[Collected data]
________________
lemma
  assumes "f \<in> ell2"
  shows ell2_scale: "(\<lambda>x. c * f x) \<in> ell2"
    and l2norm_scale_le: "l2norm (\<lambda>x. c * f x) \<le> cmod c * l2norm f"
proof -
  have "L2_set (\<lambda>x. cmod (c * f x)) F \<le> cmod c * l2norm f" for F
  proof -
    have "L2_set (\<lambda>x. cmod (c * f x)) F = cmod c * L2_set (\<lambda>x. cmod (f x)) F"
      by (simp add: norm_mult L2_set_right_distrib)
    also have "\<dots> \<le> cmod c * l2norm f"
      using L2_set_le_l2norm[OF assms] by (simp add: mult_left_mono)
    finally show ?thesis .
  qed
  then show "(\<lambda>x. c * f x) \<in> ell2" "l2norm (\<lambda>x. c * f x) \<le> cmod c * l2norm f"
    by (rule ell2_l2norm_le_if_L2_set_le)+
qed

lemma
  assumes "f \<in> ell2"
  shows ell2_coord_proj: "coord_proj A f \<in> ell2"
    and l2norm_coord_proj_le: "l2norm (coord_proj A f) \<le> l2norm f"
proof -
  have "L2_set (\<lambda>x. cmod (coord_proj A f x)) F \<le> l2norm f" for F
    by (rule order_trans[OF L2_set_mono L2_set_le_l2norm[OF assms]]) (auto simp: coord_proj_def)
  then show "coord_proj A f \<in> ell2" "l2norm (coord_proj A f) \<le> l2norm f"
    by (rule ell2_l2norm_le_if_L2_set_le)+
qed

lemma
  assumes "finite F"
  shows ell2_coord_proj_finite: "coord_proj F f \<in> ell2"
    and l2norm_coord_proj_finite: "l2norm (coord_proj F f) = L2_set (\<lambda>x. cmod (f x)) F"
proof -
  have "((\<lambda>x. (cmod (coord_proj F f x))\<^sup>2) has_sum (\<Sum>x\<in>F. (cmod (f x))\<^sup>2)) UNIV"
    by (rule has_sum_cong_neutral[THEN iffD2, OF _ _ _ has_sum_finite[OF assms]])
      (auto simp: coord_proj_def)
  then show "coord_proj F f \<in> ell2" "l2norm (coord_proj F f) = L2_set (\<lambda>x. cmod (f x)) F"
    by (auto simp: ell2_def l2norm_def L2_set_def has_sum_iff)
qed

lemma basis_apply: "basis h k = (if k = h then 1 else 0)"
  by (simp add: basis_def)

lemma ell2_zero [simp]: "(\<lambda>x. 0) \<in> ell2"
  by (simp add: ell2_def)

lemma ell2_basis [simp]: "basis k \<in> ell2"
proof -
  have "basis k = coord_proj {k} (\<lambda>_. 1)"
    by (auto simp: basis_def coord_proj_def)
  then show ?thesis
    by (simp add: ell2_coord_proj_finite)
qed

lemma
  assumes "f \<in> ell2" "g \<in> ell2"
  shows abs_summable_l2inner: "(\<lambda>x. norm (f x * cnj (g x))) summable_on UNIV"
    and l2inner_Cauchy_Schwarz: "cmod (l2inner f g) \<le> l2norm f * l2norm g"
proof -
  have partial_sums: "(\<Sum>x\<in>F. norm (f x * cnj (g x))) \<le> l2norm f * l2norm g" for F
  proof -
    have "(\<Sum>x\<in>F. norm (f x * cnj (g x))) = (\<Sum>x\<in>F. \<bar>cmod (f x)\<bar> * \<bar>cmod (g x)\<bar>)"
      by (simp add: norm_mult)
    also have "\<dots> \<le> L2_set (\<lambda>x. cmod (f x)) F * L2_set (\<lambda>x. cmod (g x)) F"
      by (rule L2_set_mult_ineq)
    also have "\<dots> \<le> l2norm f * l2norm g"
      using assms by (intro mult_mono L2_set_le_l2norm l2norm_nonneg L2_set_nonneg)
    finally show ?thesis .
  qed
  show abs_summable: "(\<lambda>x. norm (f x * cnj (g x))) summable_on UNIV"
    by (rule nonneg_bdd_above_summable_on) (use partial_sums in \<open>auto simp: bdd_above_def\<close>)
  have "cmod (l2inner f g) \<le> (\<Sum>\<^sub>\<infinity>x. norm (f x * cnj (g x)))"
    unfolding l2inner_def by (rule norm_infsum_bound[OF abs_summable])
  also have "\<dots> \<le> l2norm f * l2norm g"
    using abs_summable partial_sums by (rule infsum_le_finite_sums)
  finally show "cmod (l2inner f g) \<le> l2norm f * l2norm g" .
qed
(* The sequence of functions $V^n$ converges uniformly on $[0,\infty)\times[0,\bar c]$ to $\bar V$.
   Context: Let $(W_t)_{t\ge0}$ be a standard Brownian motion and $X_t=x+\mu t+\sigma W_t$ with constants $\mu\in\mathbb R$, $\sigma>0$ and initial value $x\ge 0$; $(\mathcal F_t)_{t\ge0}$ is the completed filtration generated by $X$. Fix $q>0$, $\Lambda>0$, $\bar c>0$. For a set $S\subset[0,\bar c]$, $x\ge0$ and $c\in S$, $\Pi^S_{x,c}$ denotes the set of processes $C=(C_t)_{t\ge0}$ that are non-increasing, right-continuous, $(\mathcal F_t)$-adapted, take values in $S$, and satisfy $C_t\le c$ for all $t\ge 0$ (an immediate reduction at time $0$ is allowed). For such $C$, $X^C_t=X_t-\int_0^t C_s\,ds$, $\tau=\inf\{t\ge0: X^C_t<0\}$, $J(x;C)=\mathbb E\big[\int_0^{\tau}e^{-qs}(C_s+\Lambda)\,ds\big]$ and $V^S(x,c)=\sup_{C\in\Pi^S_{x,c}}J(x;C)$. Let $(\mathcal S^n)_{n\ge0}$ be finite sets with $\{0,\bar c\}=\mathcal S^0\subset\mathcal S^1\subset\cdots\subset[0,\bar c]$, each containing $0$ and $\bar c$, whose mesh size $\delta(\mathcal S^n)$ (maximal gap between consecutive elements) tends to $0$. For $(x,c)\in[0,\infty)\times[0,\bar c]$ let $\tilde c^n=\max\{c'\in\mathcal S^n: c'\le c\}$ and $V^n(x,c)=V^{\mathcal S^n}(x,\tilde c^n)$. Then $V^n(x,c)$ is non-decreasing in $n$ and bounded by $V^{[0,\bar c]}(x,c)$, and $\bar V(x,c):=\lim_{n\to\infty}V^n(x,c)$. *)

theory Defs
  imports "HOL-Probability.Probability"
begin

definition brownian_motion :: "'a measure \<Rightarrow> (real \<Rightarrow> 'a \<Rightarrow> real) \<Rightarrow> bool" where
  "brownian_motion M W \<longleftrightarrow>
     prob_space M \<and>
     (\<forall>t\<ge>0. W t \<in> borel_measurable M) \<and>
     (\<forall>\<omega>\<in>space M. W 0 \<omega> = 0) \<and>
     (\<forall>\<omega>\<in>space M. continuous_on {0..} (\<lambda>t. W t \<omega>)) \<and>
     (\<forall>s t. 0 \<le> s \<and> s < t \<longrightarrow>
        distributed M lborel (\<lambda>\<omega>. W t \<omega> - W s \<omega>) (normal_density 0 (sqrt (t - s)))) \<and>
     (\<forall>(n::nat) (ts::nat \<Rightarrow> real). 0 \<le> ts 0 \<and> (\<forall>i<n. ts i < ts (Suc i)) \<longrightarrow>
        prob_space.indep_vars M (\<lambda>_. borel) (\<lambda>i \<omega>. W (ts (Suc i)) \<omega> - W (ts i) \<omega>) {..<n})"

definition proc_X :: "(real \<Rightarrow> 'a \<Rightarrow> real) \<Rightarrow> real \<Rightarrow> real \<Rightarrow> real \<Rightarrow> real \<Rightarrow> 'a \<Rightarrow> real" where
  "proc_X W x \<mu> \<sigma> t \<omega> = x + \<mu> * t + \<sigma> * W t \<omega>"

definition gen_filtration :: "'a measure \<Rightarrow> (real \<Rightarrow> 'a \<Rightarrow> real) \<Rightarrow> real \<Rightarrow> 'a measure" where
  "gen_filtration M X t = sigma (space M)
     ({X s -` B \<inter> space M | s B. 0 \<le> s \<and> s \<le> t \<and> B \<in> sets borel} \<union>
      {N. N \<subseteq> space M \<and> (\<exists>A\<in>null_sets M. N \<subseteq> A)})"

definition admissible :: "'a measure \<Rightarrow> (real \<Rightarrow> 'a measure) \<Rightarrow> real set \<Rightarrow> real \<Rightarrow> (real \<Rightarrow> 'a \<Rightarrow> real) set" where
  "admissible M F S c = {C.
     (\<forall>\<omega>\<in>space M. \<forall>s t. 0 \<le> s \<and> s \<le> t \<longrightarrow> C t \<omega> \<le> C s \<omega>) \<and>
     (\<forall>\<omega>\<in>space M. \<forall>t\<ge>0. continuous (at_right t) (\<lambda>s. C s \<omega>)) \<and>
     (\<forall>\<omega>\<in>space M. \<forall>t\<ge>0. C t \<omega> \<in> S \<and> C t \<omega> \<le> c) \<and>
     (\<forall>t\<ge>0. (\<lambda>\<omega>. C t \<omega>) \<in> borel_measurable (F t))}"

definition proc_XC :: "(real \<Rightarrow> 'a \<Rightarrow> real) \<Rightarrow> (real \<Rightarrow> 'a \<Rightarrow> real) \<Rightarrow> real \<Rightarrow> 'a \<Rightarrow> real" where
  "proc_XC X C t \<omega> = X t \<omega> - integral {0..t} (\<lambda>s. C s \<omega>)"

definition ruin_time :: "(real \<Rightarrow> 'a \<Rightarrow> real) \<Rightarrow> (real \<Rightarrow> 'a \<Rightarrow> real) \<Rightarrow> 'a \<Rightarrow> ereal" where
  "ruin_time X C \<omega> = Inf (ereal ` {t. 0 \<le> t \<and> proc_XC X C t \<omega> < 0})"

text \<open>J(x;C) = E[ int_0^tau e^{-qs} (C_s + Lambda) ds ] (nonnegative integrand, finite value).\<close>
definition payoff :: "'a measure \<Rightarrow> (real \<Rightarrow> 'a \<Rightarrow> real) \<Rightarrow> real \<Rightarrow> real \<Rightarrow> real \<Rightarrow> real \<Rightarrow> real
     \<Rightarrow> (real \<Rightarrow> 'a \<Rightarrow> real) \<Rightarrow> real" where
  "payoff M W \<mu> \<sigma> q \<Lambda> x C = enn2real (\<integral>\<^sup>+ \<omega>.
     (\<integral>\<^sup>+ s. indicator {s. 0 \<le> s \<and> ereal s < ruin_time (proc_X W x \<mu> \<sigma>) C \<omega>} s *
        ennreal (exp (- q * s) * (C s \<omega> + \<Lambda>)) \<partial>lborel) \<partial>completion M)"

definition value_fun :: "'a measure \<Rightarrow> (real \<Rightarrow> 'a \<Rightarrow> real) \<Rightarrow> real \<Rightarrow> real \<Rightarrow> real \<Rightarrow> real
     \<Rightarrow> real set \<Rightarrow> real \<Rightarrow> real \<Rightarrow> real" where
  "value_fun M W \<mu> \<sigma> q \<Lambda> S x c =
     Sup (payoff M W \<mu> \<sigma> q \<Lambda> x ` admissible M (gen_filtration M (proc_X W x \<mu> \<sigma>)) S c)"

definition mesh :: "real set \<Rightarrow> real" where
  "mesh S = Sup {b - a | a b. a \<in> S \<and> b \<in> S \<and> a < b \<and> {a<..<b} \<inter> S = {}}"

definition Vn :: "'a measure \<Rightarrow> (real \<Rightarrow> 'a \<Rightarrow> real) \<Rightarrow> real \<Rightarrow> real \<Rightarrow> real \<Rightarrow> real
     \<Rightarrow> (nat \<Rightarrow> real set) \<Rightarrow> nat \<Rightarrow> real \<Rightarrow> real \<Rightarrow> real" where
  "Vn M W \<mu> \<sigma> q \<Lambda> Sn n x c = value_fun M W \<mu> \<sigma> q \<Lambda> (Sn n) x (Max {c' \<in> Sn n. c' \<le> c})"

definition Vbar :: "'a measure \<Rightarrow> (real \<Rightarrow> 'a \<Rightarrow> real) \<Rightarrow> real \<Rightarrow> real \<Rightarrow> real \<Rightarrow> real
     \<Rightarrow> (nat \<Rightarrow> real set) \<Rightarrow> real \<Rightarrow> real \<Rightarrow> real" where
  "Vbar M W \<mu> \<sigma> q \<Lambda> Sn x c = lim (\<lambda>n. Vn M W \<mu> \<sigma> q \<Lambda> Sn n x c)"

end

theory Submission
  imports Defs
begin

text \<open>Rounding an admissible strategy C down to the grid S (strictly below its values, which keeps
  it right-continuous) gives a grid strategy C' with C' \<le> C \<le> C' + \<delta>, \<delta> the mesh of S. A smaller
  consumption rate can only postpone ruin, and C + \<Lambda> \<le> (1 + \<delta>/\<Lambda>) (C' + \<Lambda>), so
  J(x;C) \<le> (1 + \<delta>/\<Lambda>) J(x;C'). As all payoffs lie in [0, (cbar + \<Lambda>)/q], this gives
  |V^{[0,cbar]}(x,c) - V^n(x,c)| \<le> \<delta>(S^n) (cbar + \<Lambda>)/(q \<Lambda>) uniformly in (x,c); hence V^n converges
  uniformly to V^{[0,cbar]}, which is therefore also its pointwise limit Vbar.\<close>

(* Unlike nn_integral_cmult this needs no measurability of f: the pathwise reward below is not
   known to be measurable in \<omega>. *)
lemma nn_integral_cmult_le:
  fixes c :: ennreal
  assumes "c \<noteq> 0" and "c \<noteq> top"
  shows "(\<integral>\<^sup>+x. c * f x \<partial>M) \<le> c * integral\<^sup>N M f"
proof -
  have "integral\<^sup>S M g \<le> c * integral\<^sup>N M f"
    if g: "simple_function M g" "g \<le> (\<lambda>x. c * f x)" for g
  proof -
    define h where "h x = g x / c" for x
    have h: "simple_function M h"
      using g(1) unfolding h_def by (rule simple_function_compose1)
    have "h x \<le> f x" for x
      using g(2) assms unfolding h_def le_fun_def
      by (metis divide_le_posI_ennreal not_gr_zero)
    then have "integral\<^sup>S M h \<le> integral\<^sup>N M f"
      using h by (simp add: nn_integral_eq_simple_integral[symmetric] nn_integral_mono)
    moreover have "g = (\<lambda>x. c * h x)"
      unfolding h_def using assms
      by (intro ext) (metis ennreal_times_divide mult.commute ennreal_divide_times mult_divide_eq_ennreal)
    ultimately show ?thesis
      using h by (simp add: mult_left_mono)
  qed
  then show ?thesis
    unfolding nn_integral_def[of M "\<lambda>x. c * f x"] by (auto intro: SUP_least)
qed

lemma nn_integral_exp_neg:
  assumes "q > 0"
  shows "(\<integral>\<^sup>+ s. indicator {0..} s * ennreal (exp (- q * s)) \<partial>lborel) = ennreal (1 / q)"
proof -
  have density_one: "(\<integral>\<^sup>+ s. ennreal (exponential_density q s) \<partial>lborel) = 1"
    using prob_space.emeasure_space_1[OF prob_space_exponential_density[OF assms]]
    by (simp add: emeasure_density)
  have "(\<integral>\<^sup>+ s. indicator {0..} s * ennreal (exp (- q * s)) \<partial>lborel)
      = (\<integral>\<^sup>+ s. ennreal (1 / q) * ennreal (exponential_density q s) \<partial>lborel)"
    using assms by (intro nn_integral_cong)
      (auto simp: exponential_density_def indicator_def ennreal_mult[symmetric] mult.commute)
  also have "\<dots> = ennreal (1 / q)"
    by (simp add: nn_integral_cmult density_one)
  finally show ?thesis .
qed

lemma uniform_limit_lim:
  assumes "uniform_limit S f g sequentially"
  shows "uniform_limit S f (\<lambda>x. lim (\<lambda>n. f n x)) sequentially"
proof -
  have "g x = lim (\<lambda>n. f n x)" if "x \<in> S" for x
    using tendsto_uniform_limitI[OF assms that] by (rule limI[symmetric])
  with assms show ?thesis
    by (simp cong: uniform_limit_cong')
qed

lemma uniform_limit_of_dist_bound:
  assumes "\<And>n x. x \<in> S \<Longrightarrow> dist (f n x) (g x) \<le> b n" and "b \<longlonglongrightarrow> 0"
  shows "uniform_limit S f g sequentially"
proof (rule uniform_limitI)
  fix e :: real assume "e > 0"
  with \<open>b \<longlonglongrightarrow> 0\<close> have "\<forall>\<^sub>F n in sequentially. b n < e"
    by (rule order_tendstoD)
  then show "\<forall>\<^sub>F n in sequentially. \<forall>x\<in>S. dist (f n x) (g x) < e"
    by eventually_elim (auto intro: le_less_trans[OF assms(1)])
qed
(* Let $L$ be a convexity lattice. If $L$ is algebraic, or if $L$ is order-scattered, then $L$ is spatial.
   Context: A convexity lattice is a lattice isomorphic to $Cl(X,\varphi)$, the lattice of closed sets (ordered by inclusion) of a convex geometry $(X,\varphi)$, i.e. a closure operator $\varphi$ on a non-empty set $X$ with $\varphi(\emptyset)=\emptyset$ satisfying: for closed $A$ and $x\neq y$, $x\in\varphi(A\cup\{y\})$ and $x\notin A$ imply $y\notin\varphi(A\cup\{x\})$. A poset is order-scattered if it contains no copy of $\mathbb{Q}$. A complete lattice is spatial if every element is a join of completely join-irreducible elements (elements $y$ with a lower cover $y_*$ such that $z<y$ implies $z\leq y_*$). *)

theory Defs
  imports Complex_Main
begin

definition closure_operator :: "'b set \<Rightarrow> ('b set \<Rightarrow> 'b set) \<Rightarrow> bool" where
  "closure_operator X \<phi> \<longleftrightarrow>
     (\<forall>A. A \<subseteq> X \<longrightarrow> A \<subseteq> \<phi> A \<and> \<phi> A \<subseteq> X \<and> \<phi> (\<phi> A) = \<phi> A) \<and>
     (\<forall>A B. A \<subseteq> B \<and> B \<subseteq> X \<longrightarrow> \<phi> A \<subseteq> \<phi> B)"

definition closed_sets :: "'b set \<Rightarrow> ('b set \<Rightarrow> 'b set) \<Rightarrow> 'b set set" where
  "closed_sets X \<phi> = {A. A \<subseteq> X \<and> \<phi> A = A}"

definition convex_geometry :: "'b set \<Rightarrow> ('b set \<Rightarrow> 'b set) \<Rightarrow> bool" where
  "convex_geometry X \<phi> \<longleftrightarrow>
     X \<noteq> {} \<and> closure_operator X \<phi> \<and> \<phi> {} = {} \<and>
     (\<forall>A \<in> closed_sets X \<phi>. \<forall>x\<in>X. \<forall>y\<in>X.
        x \<noteq> y \<and> x \<in> \<phi> (A \<union> {y}) \<and> x \<notin> A \<longrightarrow> y \<notin> \<phi> (A \<union> {x}))"

definition order_iso_to_closed_sets ::
  "('a::order \<Rightarrow> 'b set) \<Rightarrow> 'b set \<Rightarrow> ('b set \<Rightarrow> 'b set) \<Rightarrow> bool" where
  "order_iso_to_closed_sets f X \<phi> \<longleftrightarrow>
     bij_betw f UNIV (closed_sets X \<phi>) \<and> (\<forall>a b. a \<le> b \<longleftrightarrow> f a \<subseteq> f b)"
________________
WORK ITEM -> How many of the lines in the records include the word "sigma"? Only the number should be given.

SOLUTION TO THE PROBLEM -> 9